A letter from Iran
to world powers does not mention the idea of freezing Tehran's nuclear work, an Iranian official said on Tuesday - a step the West demanded to avert more UN sanctions.
Six world powers have offered to refrain from steps to impose more UN sanctions if Iran freezes expansion of its nuclear work. The offer was an initial step in getting talks going on a broader resolution to the stand-off.
The West fears Iran is seeking to build nuclear warheads, a charge Tehran denies.
A European Union official said the letter had not yet been received.
"The letter handed over is not an answer to the offered package (by world powers) ... The letter does not mention the freeze-for-freeze issue," the senior official told Reuters.
The official also said a freeze was not mentioned in telephone talks on Monday between Iran's chief nuclear negotiator Saeed Jalili and European Union foreign policy chief Javier Solana, who is representing world powers.
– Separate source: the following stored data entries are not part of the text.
definition extensibility ::
  "nat \<Rightarrow> (nat \<Rightarrow> 'm set) \<Rightarrow> ('a \<Rightarrow> nat \<Rightarrow> real) \<Rightarrow> ('m \<Rightarrow> nat \<Rightarrow> real) \<Rightarrow> 'a set \<Rightarrow> bool" where
  "extensibility d M r dl A \<longleftrightarrow>
     (\<forall>S X i. S \<subseteq> A \<longrightarrow> jointly_optimal d M r dl S X \<longrightarrow> i \<in> A - S \<longrightarrow>
        (\<exists>X'. jointly_optimal d M r dl (insert i S) X' \<and>
              (\<forall>i'\<in>S. agent_delay d M dl X' i' = agent_delay d M dl X i')))"

end

theory Submission
  imports Defs
begin

(*
  Delays do not depend on the agent, so the total delay only depends on the aggregate load of
  every machine, and the problem splits into one fractional knapsack per machine type: the
  optimal load fills the machines in order of increasing delay up to a threshold t, and its
  optimality is certified by the dual value t R + sum_j min 0 (d_j - t).  A jointly optimal
  allocation for S therefore attains this bound on every type, and by complementary slackness
  its load saturates all machines below the threshold and leaves those above it empty.  Trimming
  every agent of S to exactly its requirement keeps its delay, and the new agent is then placed
  greedily into the remaining capacity, again by increasing delay; the combined load is a
  threshold load, hence optimal, while the old agents keep their delays.
*)

(* Dual value of  min sum_j dl j * v j  s.t.  sum_j v j >= R, 0 <= v <= 1  at multiplier t of the
   covering constraint: threshold_bound_le_delay is weak duality, delay_eq_threshold_bound_iff
   complementary slackness. *)
definition threshold_bound :: "'j set \<Rightarrow> ('j \<Rightarrow> real) \<Rightarrow> real \<Rightarrow> real \<Rightarrow> real" where
  "threshold_bound J dl R t = t * R + (\<Sum>j\<in>J. min 0 (dl j - t))"

definition threshold_fill :: "'j set \<Rightarrow> ('j \<Rightarrow> real) \<Rightarrow> ('j \<Rightarrow> real) \<Rightarrow> real \<Rightarrow> ('j \<Rightarrow> real) \<Rightarrow> bool" where
  "threshold_fill J dl c t w \<longleftrightarrow> (\<forall>j\<in>J. (dl j < t \<longrightarrow> w j = c j) \<and> (t < dl j \<longrightarrow> w j = 0))"

lemma threshold_excess_nonneg:
  fixes a v :: real
  assumes "0 \<le> v" "v \<le> 1"
  shows "0 \<le> a * v - min 0 a"
proof (cases "a < 0")
  case True
  then have "a * 1 \<le> a * v" using assms by (intro mult_left_mono_neg) auto
  then show ?thesis using True by simp
qed (use assms in simp)

lemma threshold_excess_eq_0_iff:
  fixes a v :: real
  shows "a * v - min 0 a = 0 \<longleftrightarrow> (a < 0 \<longrightarrow> v = 1) \<and> (0 < a \<longrightarrow> v = 0)"
proof (cases a "0::real" rule: linorder_cases)
  case less
  then have "a * v - min 0 a = a * (v - 1)" by (simp add: algebra_simps)
  then show ?thesis using less by simp
qed simp_all

lemma delay_minus_threshold_bound:
  "(\<Sum>j\<in>J. dl j * v j) - threshold_bound J dl R t
     = (\<Sum>j\<in>J. (dl j - t) * v j - min 0 (dl j - t)) + t * (sum v J - R)"
  by (simp add: threshold_bound_def sum_subtractf sum.distrib sum_distrib_left algebra_simps)

lemma threshold_bound_le_delay:
  assumes "\<forall>j\<in>J. 0 \<le> v j \<and> v j \<le> 1" "R \<le> sum v J" "0 \<le> t"
  shows "threshold_bound J dl R t \<le> (\<Sum>j\<in>J. dl j * v j)"
proof -
  have "0 \<le> (\<Sum>j\<in>J. (dl j - t) * v j - min 0 (dl j - t))"
    using assms(1) by (intro sum_nonneg threshold_excess_nonneg) auto
  moreover have "0 \<le> t * (sum v J - R)" using assms(2,3) by simp
  ultimately show ?thesis using delay_minus_threshold_bound[of dl v J R t] by linarith
qed

lemma delay_eq_threshold_bound_iff:
  assumes "finite J" "\<forall>j\<in>J. 0 \<le> v j \<and> v j \<le> 1" "R \<le> sum v J" "0 \<le> t"
  shows "(\<Sum>j\<in>J. dl j * v j) = threshold_bound J dl R t
     \<longleftrightarrow> threshold_fill J dl (\<lambda>_. 1) t v \<and> (0 < t \<longrightarrow> sum v J = R)"
proof -
  define e where "e j = (dl j - t) * v j - min 0 (dl j - t)" for j
  have e_nonneg: "0 \<le> e j" if "j \<in> J" for j
    using assms(2) that unfolding e_def by (intro threshold_excess_nonneg) auto
  have "0 \<le> sum e J" using e_nonneg by (rule sum_nonneg)
  moreover have "0 \<le> t * (sum v J - R)" using assms(3,4) by simp
  moreover have "(\<Sum>j\<in>J. dl j * v j) - threshold_bound J dl R t = sum e J + t * (sum v J - R)"
    unfolding e_def by (rule delay_minus_threshold_bound)
  ultimately have "(\<Sum>j\<in>J. dl j * v j) = threshold_bound J dl R t
      \<longleftrightarrow> sum e J = 0 \<and> t * (sum v J - R) = 0"
    by linarith
  also have "\<dots> \<longleftrightarrow> (\<forall>j\<in>J. e j = 0) \<and> (0 < t \<longrightarrow> sum v J = R)"
    using sum_nonneg_eq_0_iff[OF assms(1) e_nonneg] assms(4) by auto
  also have "(\<forall>j\<in>J. e j = 0) \<longleftrightarrow> threshold_fill J dl (\<lambda>_. 1) t v"
    unfolding e_def threshold_excess_eq_0_iff threshold_fill_def by auto
  finally show ?thesis .
qed

(* Fractional greedy: fill the machine of least delay first. *)
lemma threshold_fill_exists:
  fixes dl c :: "'j \<Rightarrow> real"
  assumes "finite J" "\<forall>j\<in>J. 0 \<le> c j" "0 \<le> R" "R \<le> sum c J"
  shows "\<exists>w t. (\<forall>j\<in>J. 0 \<le> w j \<and> w j \<le> c j) \<and> threshold_fill J dl c t w \<and> sum w J = R"
  using assms
proof (induction J arbitrary: R rule: finite_psubset_induct)
  case (psubset J)
  show ?case
  proof (cases "J = {}")
    case True
    then show ?thesis using psubset.prems by (auto simp: threshold_fill_def)
  next
    case False
    have "Min (dl ` J) \<in> dl ` J" using psubset.hyps False by simp
    then obtain a where a: "a \<in> J" and "dl a = Min (dl ` J)" by auto
    then have a_min: "\<forall>j\<in>J. dl a \<le> dl j" using psubset.hyps by simp
    show ?thesis
    proof (cases "R \<le> c a")
      case True
      let ?w = "\<lambda>j. if j = a then R else 0"
      have "threshold_fill J dl c (dl a) ?w"
        using a_min by (auto simp: threshold_fill_def)
      then show ?thesis
        using True a psubset.prems psubset.hyps by (intro exI[of _ ?w] exI[of _ "dl a"]) auto
    next
      case False
      have split_a: "sum f J = f a + sum f (J - {a})" for f :: "'j \<Rightarrow> real"
        using a psubset.hyps by (simp add: sum.remove)
      obtain w t where w: "\<forall>j\<in>J - {a}. 0 \<le> w j \<and> w j \<le> c j"
        and fill: "threshold_fill (J - {a}) dl c t w" and sum_w: "sum w (J - {a}) = R - c a"
        using psubset.IH[of "J - {a}" "R - c a"] a False psubset.prems split_a[of c] by auto
      let ?w = "w(a := c a)" and ?t = "max t (dl a)"
      have "threshold_fill J dl c ?t ?w"
        unfolding threshold_fill_def
      proof
        fix j assume "j \<in> J"
        then show "(dl j < ?t \<longrightarrow> ?w j = c j) \<and> (?t < dl j \<longrightarrow> ?w j = 0)"
          using fill a_min unfolding threshold_fill_def by (cases "j = a") auto
      qed
      moreover have "sum ?w J = R"
        using split_a[of ?w] sum_w by simp
      moreover have "\<forall>j\<in>J. 0 \<le> ?w j \<and> ?w j \<le> c j"
        using w a psubset.prems by auto
      ultimately show ?thesis by blast
    qed
  qed
qed

lemma threshold_fill_extend:
  assumes "finite J" "\<forall>j\<in>J. 0 \<le> y j \<and> y j \<le> 1" "threshold_fill J dl (\<lambda>_. 1) t y"
    "0 \<le> \<rho>" "sum y J + \<rho> \<le> card J"
  shows "\<exists>z \<tau>. t \<le> \<tau> \<and> (\<forall>j\<in>J. 0 \<le> z j \<and> z j + y j \<le> 1) \<and> sum z J = \<rho>
           \<and> threshold_fill J dl (\<lambda>_. 1) \<tau> (\<lambda>j. z j + y j)"
proof -
  have "\<rho> \<le> (\<Sum>j\<in>J. 1 - y j)" using assms(5) by (simp add: sum_subtractf)
  then obtain z s where z: "\<forall>j\<in>J. 0 \<le> z j \<and> z j \<le> 1 - y j"
    and z_fill: "threshold_fill J dl (\<lambda>j. 1 - y j) s z" and sum_z: "sum z J = \<rho>"
    using threshold_fill_exists[OF assms(1), of "\<lambda>j. 1 - y j" \<rho> dl] assms(2,4) by auto
  have "threshold_fill J dl (\<lambda>_. 1) (max t s) (\<lambda>j. z j + y j)"
    unfolding threshold_fill_def
  proof (intro ballI conjI impI)
    fix j assume j: "j \<in> J"
    show "z j + y j = 1" if "dl j < max t s"
    proof (cases "dl j < s")
      case False
      then have "y j = 1" using that j assms(3) by (auto simp: threshold_fill_def)
      then show ?thesis using z j by force
    qed (use z_fill j in \<open>auto simp: threshold_fill_def\<close>)
    show "z j + y j = 0" if "max t s < dl j"
      using that j assms(3) z_fill by (auto simp: threshold_fill_def)
  qed
  then show ?thesis using z sum_z by (intro exI[of _ z] exI[of _ "max t s"]) auto
qed

lemma rescale_to_sum:
  fixes x :: "'j \<Rightarrow> real"
  assumes "finite J" "\<forall>j\<in>J. 0 \<le> x j" "0 \<le> \<rho>" "\<rho> \<le> sum x J"
  defines "x' \<equiv> \<lambda>j. x j * (\<rho> / sum x J)"
  shows "\<forall>j\<in>J. 0 \<le> x' j \<and> x' j \<le> x j" and "sum x' J = \<rho>"
    and "sum x J = \<rho> \<Longrightarrow> \<forall>j\<in>J. x' j = x j"
proof -
  have ratio: "0 \<le> \<rho> / sum x J" "\<rho> / sum x J \<le> 1"
    using assms(3,4) by (auto simp: divide_le_eq_1)
  show "\<forall>j\<in>J. 0 \<le> x' j \<and> x' j \<le> x j"
    using ratio assms(2) unfolding x'_def by (auto simp: mult_left_le simp del: times_divide_eq_right)
  have "sum x' J = sum x J * (\<rho> / sum x J)"
    unfolding x'_def by (rule sum_distrib_right[symmetric])
  then show "sum x' J = \<rho>" using assms(3,4) by (cases "sum x J = 0") auto
  assume "sum x J = \<rho>"
  then show "\<forall>j\<in>J. x' j = x j"
    using sum_nonneg_eq_0_iff[OF assms(1)] assms(2) unfolding x'_def by (cases "\<rho> = 0") auto
qed

definition single_type_feasible :: "'j set \<Rightarrow> ('a \<Rightarrow> real) \<Rightarrow> 'a set \<Rightarrow> ('a \<Rightarrow> 'j \<Rightarrow> real) \<Rightarrow> bool" where
  "single_type_feasible J r S X \<longleftrightarrow>
     (\<forall>i\<in>S. \<forall>j\<in>J. 0 \<le> X i j) \<and> (\<forall>i\<in>S. r i \<le> sum (X i) J) \<and> (\<forall>j\<in>J. (\<Sum>i\<in>S. X i j) \<le> 1)"

definition attains_threshold_bound ::
  "'j set \<Rightarrow> ('j \<Rightarrow> real) \<Rightarrow> ('a \<Rightarrow> real) \<Rightarrow> 'a set \<Rightarrow> ('a \<Rightarrow> 'j \<Rightarrow> real) \<Rightarrow> bool" where
  "attains_threshold_bound J dl r S X \<longleftrightarrow> single_type_feasible J r S X \<and>
     (\<exists>t\<ge>0. (\<Sum>j\<in>J. dl j * (\<Sum>i\<in>S. X i j)) = threshold_bound J dl (sum r S) t)"

lemma single_type_feasible_load:
  assumes "single_type_feasible J r S X"
  shows "\<forall>j\<in>J. 0 \<le> (\<Sum>i\<in>S. X i j) \<and> (\<Sum>i\<in>S. X i j) \<le> 1"
    and "sum r S \<le> (\<Sum>j\<in>J. \<Sum>i\<in>S. X i j)"
proof -
  show "\<forall>j\<in>J. 0 \<le> (\<Sum>i\<in>S. X i j) \<and> (\<Sum>i\<in>S. X i j) \<le> 1"
    using assms unfolding single_type_feasible_def by (auto intro: sum_nonneg)
  have "sum r S \<le> (\<Sum>i\<in>S. \<Sum>j\<in>J. X i j)"
    using assms unfolding single_type_feasible_def by (intro sum_mono) auto
  also have "\<dots> = (\<Sum>j\<in>J. \<Sum>i\<in>S. X i j)" by (rule sum.swap)
  finally show "sum r S \<le> (\<Sum>j\<in>J. \<Sum>i\<in>S. X i j)" .
qed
"During the call, Jalili expressed his readiness to start formal talks (on the incentives package)," the official added.
The freeze idea is aimed at getting preliminary discussions going before starting full negotiations on a package of nuclear, trade and other incentives. But those formal talks will not begin until Iran suspends uranium enrichment.
Enrichment is the part of Iran's program that most worries the West because it can have both civilian and military uses.
Iran, the world's fourth largest oil producer, insists it is only seeking to master technology to make electricity, and has repeatedly refused to halt its atomic work.
The six world powers are Britain, France, Germany, China, Russia and the United States.